What the two teams have in common is a fierce desire to end decades of frustration by hoisting the championship trophy, with oddsmakers making Kansas City a narrow favorite.
The Royals are in the World Series for a second consecutive season after last year ending a 29-year postseason drought only to fall painfully shy of beating the San Francisco Giants.
The last Mets’ appearance in the Fall Classic came in 2000 when they lost in five games to the crosstown rival Yankees.
Kansas City last reached the MLB winner’s circle in 1985, while the Mets have not won since 1986.
Those Royals, led on the field by Hall of Fame third baseman George Brett, were a perennial contender.

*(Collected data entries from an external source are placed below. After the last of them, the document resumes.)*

lemma C0_semigroup_integral_shift:
  fixes T :: "real \<Rightarrow> 'a::complex_hilbert \<Rightarrow> 'a"
  assumes T: "C0_semigroup T" and h: "h \<ge> 0" and k: "k \<ge> 0"
  shows "T k (integral {0..h} (\<lambda>r. T r x))
    = integral {0..h + k} (\<lambda>r. T r x) - integral {0..k} (\<lambda>r. T r x)"
proof -
  have integrable: "(\<lambda>r. T r x) integrable_on {a..b}" if "a \<ge> 0" for a b
    using that by (intro integrable_continuous_real
        continuous_on_subset[OF C0_semigroup_continuous_orbit[OF T]]) auto
  have "T k (integral {0..h} (\<lambda>r. T r x)) = integral {0..h} (T k \<circ> (\<lambda>r. T r x))"
    by (rule integral_linear[OF integrable C0_semigroup_bounded_linear[OF T k], symmetric]) simp
  also have "\<dots> = integral {0..h} ((\<lambda>r. T r x) \<circ> (+) k)"
    by (rule integral_cong) (simp add: C0_semigroup_add[OF T k])
  also have "\<dots> = integral {k..h + k} (\<lambda>r. T r x)"
    by (simp add: integral_shift_Icc_real add.commute)
  also have "\<dots> = integral {0..h + k} (\<lambda>r. T r x) - integral {0..k} (\<lambda>r. T r x)"
  proof -
    have "integral {0..k} (\<lambda>r. T r x) + integral {k..h + k} (\<lambda>r. T r x)
        = integral {0..h + k} (\<lambda>r. T r x)"
      using h k by (intro Henstock_Kurzweil_Integration.integral_combine integrable) auto
    then show ?thesis
      by (metis add_diff_cancel_left')
  qed
  finally show ?thesis .
qed

lemma sg_generator_integral_mean:
  fixes T :: "real \<Rightarrow> 'a::complex_hilbert \<Rightarrow> 'a"
  assumes T: "C0_semigroup T" and h: "h > 0"
  shows "((1 / h) *\<^sub>R integral {0..h} (\<lambda>r. T r x), (1 / h) *\<^sub>R (T h x - x)) \<in> sg_generator T"
proof -
  define J where "J u = integral {0..u} (\<lambda>r. T r x)" for u
  have quotient: "((\<lambda>k. (1 / k) *\<^sub>R (J (a + k) - J a)) \<longlongrightarrow> T a x) (at_right 0)" if "a \<ge> 0" for a
    unfolding J_def by (rule integral_right_diff_quotient[OF C0_semigroup_continuous_orbit[OF T] that])
  have "((\<lambda>k. (1 / h) *\<^sub>R ((1 / k) *\<^sub>R (J (h + k) - J h) - (1 / k) *\<^sub>R (J (0 + k) - J 0)))
      \<longlongrightarrow> (1 / h) *\<^sub>R (T h x - T 0 x)) (at_right 0)"
    using h by (intro tendsto_intros quotient) auto
  moreover have "\<forall>\<^sub>F k in at_right 0.
      (1 / h) *\<^sub>R ((1 / k) *\<^sub>R (J (h + k) - J h) - (1 / k) *\<^sub>R (J (0 + k) - J 0))
      = (1 / k) *\<^sub>R (T k ((1 / h) *\<^sub>R J h) - (1 / h) *\<^sub>R J h)"
    using eventually_at_right_less[of "0::real"]
  proof eventually_elim
    case (elim k)
    interpret bounded_linear "T k"
      using C0_semigroup_bounded_linear[OF T] elim by simp
    have "J (h + k) = J k + T k (J h)"
      using C0_semigroup_integral_shift[OF T, of h k x] h elim by (simp add: J_def)
    then show ?case
      by (simp add: J_def[of 0] scale algebra_simps)
  qed
  ultimately show ?thesis
    unfolding sg_generator_def by (simp add: C0_semigroup_0[OF T] J_def Lim_transform_eventually)
qed

lemma C0_semigroup_generator_dense:
  fixes T :: "real \<Rightarrow> 'a::complex_hilbert \<Rightarrow> 'a"
  assumes T: "C0_semigroup T"
  shows "x \<in> closure (Domain (sg_generator T))"
proof (rule Lim_in_closed_set[OF closed_closure _ trivial_limit_at_right_real])
  show "\<forall>\<^sub>F h in at_right 0. (1 / h) *\<^sub>R integral {0..h} (\<lambda>r. T r x) \<in> closure (Domain (sg_generator T))"
    using eventually_at_right_less[of "0::real"]
    by eventually_elim (use sg_generator_integral_mean[OF T] closure_subset in blast)
  show "((\<lambda>h. (1 / h) *\<^sub>R integral {0..h} (\<lambda>r. T r x)) \<longlongrightarrow> x) (at_right 0)"
    using integral_right_diff_quotient[OF C0_semigroup_continuous_orbit[OF T] order_refl]
    by (simp add: C0_semigroup_0[OF T])
qed

section \<open>The abstract Cauchy problem\<close>

lemma C0_semigroup_backward_orbit_has_vector_derivative:
  fixes G :: "real \<Rightarrow> 'a::complex_hilbert \<Rightarrow> 'a"
  assumes G: "C0_semigroup G" and uw: "(u, w) \<in> sg_generator G" and s: "s \<in> {0..t}"
  shows "((\<lambda>r. G (t - r) u) has_vector_derivative - G (t - s) w) (at s within {0..t})"
proof -
  have "((\<lambda>r. t - r) has_vector_derivative -1) (at s within {0..t})"
    by (auto intro!: derivative_eq_intros)
  moreover have "((\<lambda>\<sigma>. G \<sigma> u) has_vector_derivative G (t - s) w) (at (t - s) within (\<lambda>r. t - r) ` {0..t})"
    by (rule has_vector_derivative_within_subset[OF C0_semigroup_orbit_has_vector_derivative[OF G uw]])
       (use s in auto)
  ultimately have "((\<lambda>\<sigma>. G \<sigma> u) \<circ> (\<lambda>r. t - r) has_vector_derivative (-1) *\<^sub>R G (t - s) w)
      (at s within {0..t})"
    by (rule vector_diff_chain_within)
  then show ?thesis
    by (simp add: o_def)
qed
definition translation_quotient :: "('g \<times> 'h \<Rightarrow> 'a) \<Rightarrow> 'h \<Rightarrow> 'g \<times> 'h \<Rightarrow> 'a" where
  "translation_quotient \<zeta> h =
     (\<lambda>x\<in>carrier G. \<zeta> ((\<one>\<^bsub>G1\<^esub>, h) \<otimes>\<^bsub>G\<^esub> x) \<otimes>\<^bsub>A\<^esub> inv\<^bsub>A\<^esub> \<zeta> x)"

lemma translation_quotient_Ind:
  assumes "\<zeta> \<in> I" and "h \<in> carrier G2"
  shows "translation_quotient \<zeta> h \<in> I"
  using Ind_pointwise_mult[OF ind_act_Ind Ind_pointwise_inv, of \<zeta> "(\<one>\<^bsub>G1\<^esub>, h)" \<zeta>] assms
  by (simp add: translation_quotient_def ind_act_def cong: restrict_cong)

lemma ind_pi_translation_quotient:
  "h \<in> carrier G2 \<Longrightarrow>
    ind_pi G1 G2 (translation_quotient \<zeta> h) = \<zeta> (\<one>\<^bsub>G1\<^esub>, h) \<otimes>\<^bsub>A\<^esub> inv\<^bsub>A\<^esub> \<zeta> \<one>\<^bsub>G\<^esub>"
  by (simp add: ind_pi_def translation_quotient_def)

text \<open>Key step: since G2 centralises (g1, 1), conjugating tau = (zeta, (g1, 1)) by
  (1, (1, h^-1)) translates zeta by h and keeps (g1, 1); dividing by tau leaves the
  translation quotient in the base group.\<close>
lemma translation_quotient_in_normal_closure:
  assumes \<zeta>: "\<zeta> \<in> I" and g1: "g1 \<in> carrier G1" and h: "h \<in> carrier G2"
  shows "(translation_quotient \<zeta> h, \<one>\<^bsub>G\<^esub>) \<in> normal_closure W {(\<zeta>, (g1, \<one>\<^bsub>G2\<^esub>))}"
proof -
  let ?e = "\<lambda>x\<in>carrier G. \<one>\<^bsub>A\<^esub>"
  let ?\<tau> = "(\<zeta>, (g1, \<one>\<^bsub>G2\<^esub>))"
  have shifted: "(?e, (\<one>\<^bsub>G1\<^esub>, inv\<^bsub>G2\<^esub> h)) \<otimes>\<^bsub>W\<^esub> ?\<tau> \<otimes>\<^bsub>W\<^esub> inv\<^bsub>W\<^esub> (?e, (\<one>\<^bsub>G1\<^esub>, inv\<^bsub>G2\<^esub> h))
      = (ind_act G1 G2 \<zeta> (\<one>\<^bsub>G1\<^esub>, h), (g1, \<one>\<^bsub>G2\<^esub>))"
    using conjugate_by_G[OF \<zeta>, of "(g1, \<one>\<^bsub>G2\<^esub>)" "(\<one>\<^bsub>G1\<^esub>, inv\<^bsub>G2\<^esub> h)"] g1 h by simp
  have unshifted: "(?e, \<one>\<^bsub>G\<^esub>) \<otimes>\<^bsub>W\<^esub> ?\<tau> \<otimes>\<^bsub>W\<^esub> inv\<^bsub>W\<^esub> (?e, \<one>\<^bsub>G\<^esub>) = ?\<tau>"
    using conjugate_by_G[OF \<zeta>, of "(g1, \<one>\<^bsub>G2\<^esub>)" "\<one>\<^bsub>G\<^esub>"] ind_act_one[OF \<zeta>] g1
    by simp
  have "(ind_act G1 G2 \<zeta> (\<one>\<^bsub>G1\<^esub>, h), (g1, \<one>\<^bsub>G2\<^esub>)) \<otimes>\<^bsub>W\<^esub> inv\<^bsub>W\<^esub> ?\<tau>
      = (translation_quotient \<zeta> h, \<one>\<^bsub>G\<^esub>)"
    using mult_inv_same_G_part[OF \<zeta>, of "(g1, \<one>\<^bsub>G2\<^esub>)"] g1
    by (simp add: translation_quotient_def ind_act_apply cong: restrict_cong)
  moreover have "(?e, g) \<in> carrier W" if "g \<in> carrier G" for g
    using Ind_unit that by (simp add: carrier_W)
  ultimately show ?thesis
    using conjugate_quotient_in_normal_closure[of "(?e, (\<one>\<^bsub>G1\<^esub>, inv\<^bsub>G2\<^esub> h))" W "(?e, \<one>\<^bsub>G\<^esub>)" ?\<tau>]
      shifted unshifted h by simp
qed

definition induced :: "('h \<Rightarrow> 'a) \<Rightarrow> 'g \<times> 'h \<Rightarrow> 'a" where
  "induced \<phi> = (\<lambda>x\<in>carrier G. act (fst x) (\<phi> (snd x)))"

lemma induced_Ind:
  assumes "\<phi> ` carrier G2 \<subseteq> carrier A"
  shows "induced \<phi> \<in> I"
proof (rule IndI)
  fix s t assume "s \<in> carrier G" and "t \<in> carrier G1"
  then show "induced \<phi> (s \<otimes>\<^bsub>G\<^esub> (t, \<one>\<^bsub>G2\<^esub>)) = act t (induced \<phi> s)"
    using assms by (cases s) (auto simp: induced_def act_compose)
qed (use assms in \<open>auto simp: induced_def act_closed\<close>)

lemma induced_at_G2:
  "h \<in> carrier G2 \<Longrightarrow> \<phi> h \<in> carrier A \<Longrightarrow> induced \<phi> (\<one>\<^bsub>G1\<^esub>, h) = \<phi> h"
  by (simp add: induced_def act_unit)

theorem induced_normal_closure_projects_onto:
  assumes \<phi>: "\<phi> ` carrier G2 = carrier A" and g1: "g1 \<in> carrier G1"
  shows "ind_pi G1 G2 ` {f \<in> I. (f, \<one>\<^bsub>G\<^esub>) \<in> normal_closure W {(induced \<phi>, (g1, \<one>\<^bsub>G2\<^esub>))}}
           = carrier A" (is "ind_pi G1 G2 ` ?N = _")
proof
  show "ind_pi G1 G2 ` ?N \<subseteq> carrier A"
    using Ind_closed by (auto simp: ind_pi_def)
next
  show "carrier A \<subseteq> ind_pi G1 G2 ` ?N"
  proof
    fix a assume a: "a \<in> carrier A"
    have \<phi>1: "\<phi> \<one>\<^bsub>G2\<^esub> \<in> carrier A"
      using \<phi> by blast
    then obtain h where h: "h \<in> carrier G2" and \<phi>h: "\<phi> h = a \<otimes>\<^bsub>A\<^esub> \<phi> \<one>\<^bsub>G2\<^esub>"
      using \<phi> a by (metis A.m_closed imageE)
    have \<zeta>: "induced \<phi> \<in> I"
      using \<phi> by (simp add: induced_Ind)
    have "translation_quotient (induced \<phi>) h \<in> ?N"
      using translation_quotient_Ind[OF \<zeta> h] translation_quotient_in_normal_closure[OF \<zeta> g1 h]
      by blast
    moreover have "ind_pi G1 G2 (translation_quotient (induced \<phi>) h) = a"
      using \<phi>1 \<phi>h a h induced_at_G2[of "\<one>\<^bsub>G2\<^esub>" \<phi>] induced_at_G2[of h \<phi>]
      by (simp add: ind_pi_translation_quotient A.m_assoc)
    ultimately show "a \<in> ind_pi G1 G2 ` ?N"
      by blast
  qed
qed

end

theorem lemma4p1:
  fixes G1 :: "('g, 'c) monoid_scheme" and G2 :: "('h, 'e) monoid_scheme"
    and A :: "('a, 'd) monoid_scheme" and act :: "'g \<Rightarrow> 'a \<Rightarrow> 'a"
  assumes "group G1" and "group G2" and "group A"
    and "finite (carrier G1)" and "finite (carrier G2)" and "finite (carrier A)"
    and "right_aut_action G1 A act"
    and "card (carrier G2) \<ge> card (carrier A)"
  shows "\<exists>\<zeta>\<in>Ind G1 G2 A act. \<forall>g1\<in>carrier G1.
     (let W = twisted_wreath G1 G2 A act;
          N = normal_closure W {(\<zeta>, (g1, \<one>\<^bsub>G2\<^esub>))}
      in ind_pi G1 G2 ` {f \<in> Ind G1 G2 A act. (f, \<one>\<^bsub>G1 \<times>\<times> G2\<^esub>) \<in> N}
         = carrier A)"
proof -
  interpret twisted_wreath_setup G1 G2 A act
    using assms by (simp add: twisted_wreath_setup_def twisted_wreath_setup_axioms_def)
  obtain \<phi> where \<phi>: "\<phi> ` carrier G2 = carrier A"
    using surjection_from_larger_finite_set[OF assms(6,5,8)] A.one_closed by blast
  show ?thesis
    using induced_Ind[of \<phi>] induced_normal_closure_projects_onto[OF \<phi>] \<phi>
    by (auto simp: Let_def)
qed

end
(* Let $m\ge 1$ and $1\le k_1<k_2$ be integers with $k_1+1-m>0$, and let $L>0$, $C_{k_1}>0$, $C_{k_2}>0$ be real constants. For $h>0$ and $i=1,2$ set $$\beta_{k_i}(h)=\min\left(L,\;C_{k_i}h^{k_i+1-m}\right),$$ and let $X^{(k_1)}$, $X^{(k_2)}$ be independent random variables with $X^{(k_i)}$ uniformly distributed on $[0,\beta_{k_i}(h)]$. Define $$h^*_{k_1,k_2}=\left(\frac{C_{k_1}}{C_{k_2}}\right)^{\frac{1}{k_2-k_1}},\qquad \hslash_{k_i}=\left(\frac{L}{C_{k_i}}\right)^{\frac{1}{k_i+1-m}}\ (i=1,2),$$ and $\mathcal{P}_{k_1,k_2}(h)=\mathrm{Prob}\{X^{(k_1)}\le X^{(k_2)}\}$. Then: (i) If $h^*_{k_1,k_2}\ge\max(\hslash_{k_1},\hslash_{k_2})$, then $\hslash_{k_1}\le\hslash_{k_2}$ and $$\mathcal{P}_{k_1,k_2}(h)=\begin{cases}\dfrac12\left(\dfrac{h}{h^*_{k_1,k_2}}\right)^{k_2-k_1} & \text{if } 0< h\le\hslash_{k_1},\\[2mm] \dfrac12\left(\dfrac{h}{\hslash_{k_2}}\right)^{k_2+1-m} & \text{if } \hslash_{k_1}\le h\le\hslash_{k_2},\\[2mm] \dfrac12 & \text{if } h\ge\hslash_{k_2}.\end{cases}$$ (ii) If $h^*_{k_1,k_2}\le\min(\hslash_{k_1},\hslash_{k_2})$, then $\hslash_{k_2}\le\hslash_{k_1}$ and $$\mathcal{P}_{k_1,k_2}(h)=\begin{cases}\dfrac12\left(\dfrac{h}{h^*_{k_1,k_2}}\right)^{k_2-k_1} & \text{if } 0< h\le h^*_{k_1,k_2},\\[2mm] 1-\dfrac12\left(\dfrac{h^*_{k_1,k_2}}{h}\right)^{k_2-k_1} & \text{if } h^*_{k_1,k_2}\le h\le\hslash_{k_2},\\[2mm] 1-\dfrac12\left(\dfrac{h}{\hslash_{k_1}}\right)^{k_1+1-m} & \text{if } \hslash_{k_2}\le h\le\hslash_{k_1},\\[2mm] \dfrac12 & \text{if } h\ge\hslash_{k_1}.\end{cases}$$
   Context: In the paper, $h$ is the mesh size of a finite element mesh, $X^{(k_i)}=\|u-u_h^{(k_i)}\|_{m,p,\Omega}$ is the $W^{m,p}$ error of the $P_{k_i}$ Lagrange finite element approximation of the solution $u$ of a variational problem, $L=\|l\|_{V'}/\alpha^*$ comes from a priori stability bounds, and $C_{k_i}=\mathscr{C}_{k_i}|u|_{k_i+1,p,\Omega}$ comes from the interpolation error estimate, so that $\beta_{k_i}(h)$ is the resulting upper bound on the error; the two errors are modeled as independent uniform random variables on $[0,\beta_{k_i}(h)]$. *)

theory Defs
  imports "HOL-Probability.Probability"
begin

definition beta_bound :: "real \<Rightarrow> real \<Rightarrow> nat \<Rightarrow> nat \<Rightarrow> real \<Rightarrow> real" where
  "beta_bound L C k m h = min L (C * h ^ (k + 1 - m))"

definition indep_uniform_pair ::
  "'a measure \<Rightarrow> ('a \<Rightarrow> real) \<Rightarrow> ('a \<Rightarrow> real) \<Rightarrow> real \<Rightarrow> real \<Rightarrow> bool" where
  "indep_uniform_pair M X1 X2 b1 b2 \<longleftrightarrow>
     prob_space M \<and> X1 \<in> borel_measurable M \<and> X2 \<in> borel_measurable M \<and>
     distr M lborel X1 = uniform_measure lborel {0..b1} \<and>
     distr M lborel X2 = uniform_measure lborel {0..b2} \<and>
     prob_space.indep_var M borel X1 borel X2"

definition prob_le :: "'a measure \<Rightarrow> ('a \<Rightarrow> real) \<Rightarrow> ('a \<Rightarrow> real) \<Rightarrow> real" where
  "prob_le M X1 X2 = measure M {\<omega> \<in> space M. X1 \<omega> \<le> X2 \<omega>}"

end

theory Submission
  imports Defs
begin

text \<open>For independent X1 uniform on [0, a] and X2 uniform on [0, b], Fubini gives
  Prob{X1 <= X2} = 1 - a/(2b) if a <= b and b/(2a) otherwise. Writing C h^n = L (h/t)^n where
  t^n = L/C, each bound beta_i(h) is the power law C_i h^(k_i+1-m) below its threshold hbar_i and
  L above it, while C_2 h^(k_2+1-m) = C_1 h^(k_1+1-m) (h/h* )^(k_2-k_1), so h* decides which of the
  two power laws is smaller. Every regime of the theorem is one branch of the formula with the
  active bounds substituted; the hypotheses on h* only fix the order of the three thresholds.\<close>

definition uniform_le_prob :: "real \<Rightarrow> real \<Rightarrow> real" where
  "uniform_le_prob a b = (if a \<le> b then 1 - a / (2 * b) else b / (2 * a))"

lemma uniform_le_prob_le: "a \<le> b \<Longrightarrow> uniform_le_prob a b = 1 - a / (2 * b)"
  unfolding uniform_le_prob_def by simp

lemma uniform_le_prob_ge: "0 < b \<Longrightarrow> b \<le> a \<Longrightarrow> uniform_le_prob a b = b / (2 * a)"
  unfolding uniform_le_prob_def by auto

Those 1980s Mets were a powerhouse built around young stars Doc Gooden and Darryl Strawberry.
Kansas City came agonizingly close last year, pushing the Giants to a Game Seven at home before going down to defeat against valiant emergency reliever Madison Bumgarner with the tying run on third in the bottom of the ninth.
”I think it was a driving force for all of these guys back in spring training, knowing that we wanted to get back to that situation and get that one more run,” Royals leftfielder Alex Gordon said at a workout in advance of the Series.
The Mets’ success starts with their young pitchers - Noah Syndergaard, who hits 100 miles per hour with his fastball, Matt Harvey, who throws in the high 90s, the moving 96 from Jacob deGrom and all the strikeouts they log.
They combine that sizzle with curves and change-ups that can buckle the knees of batters braced for high heat.
”We’re going to strike people out,” said Mets manager Terry Collins.
Power pitching has been combined with power at the plate by the Mets, who have soared this postseason with the home run surge by the astonishing Daniel Murphy.
Murphy, who hit a modest, career-high 14 homers this season, carries an MLB record of six home runs in six straight games into the World Series and is backed by power-hitting Yoenis Cespedes and Lucas Duda in the Mets’ batting order.
The Royals’ pitching edge comes from a deep bullpen anchored by closer Wade Davis and flamethrowing set-up man Kelvin Herrera, who routinely reaches 100 mph himself, that preserves late-inning leads like clockwork.
Then again, the Mets never trailed once during their four-game sweep of the Cubs in the NL Championship Series.
Kansas City relies on a different type of attack, standing second from last in the American League with 139 home runs, but second best in stolen bases with 107.
The Royals, including Lorenzo Cain and Alcides Escobar, AL Championship Series MVPs the last two years, make the most consistent contact in the majors.
The pennant-clinching run against Toronto demonstrated their resourcefulness as Cain raced from first base all the way home on a single by Eric Hosmer down the rightfield line.
“It was an unconventional way to score a run, but that was Royals baseball,” said Kansas City manager Ned Yost. “We did it on speed and athleticism.”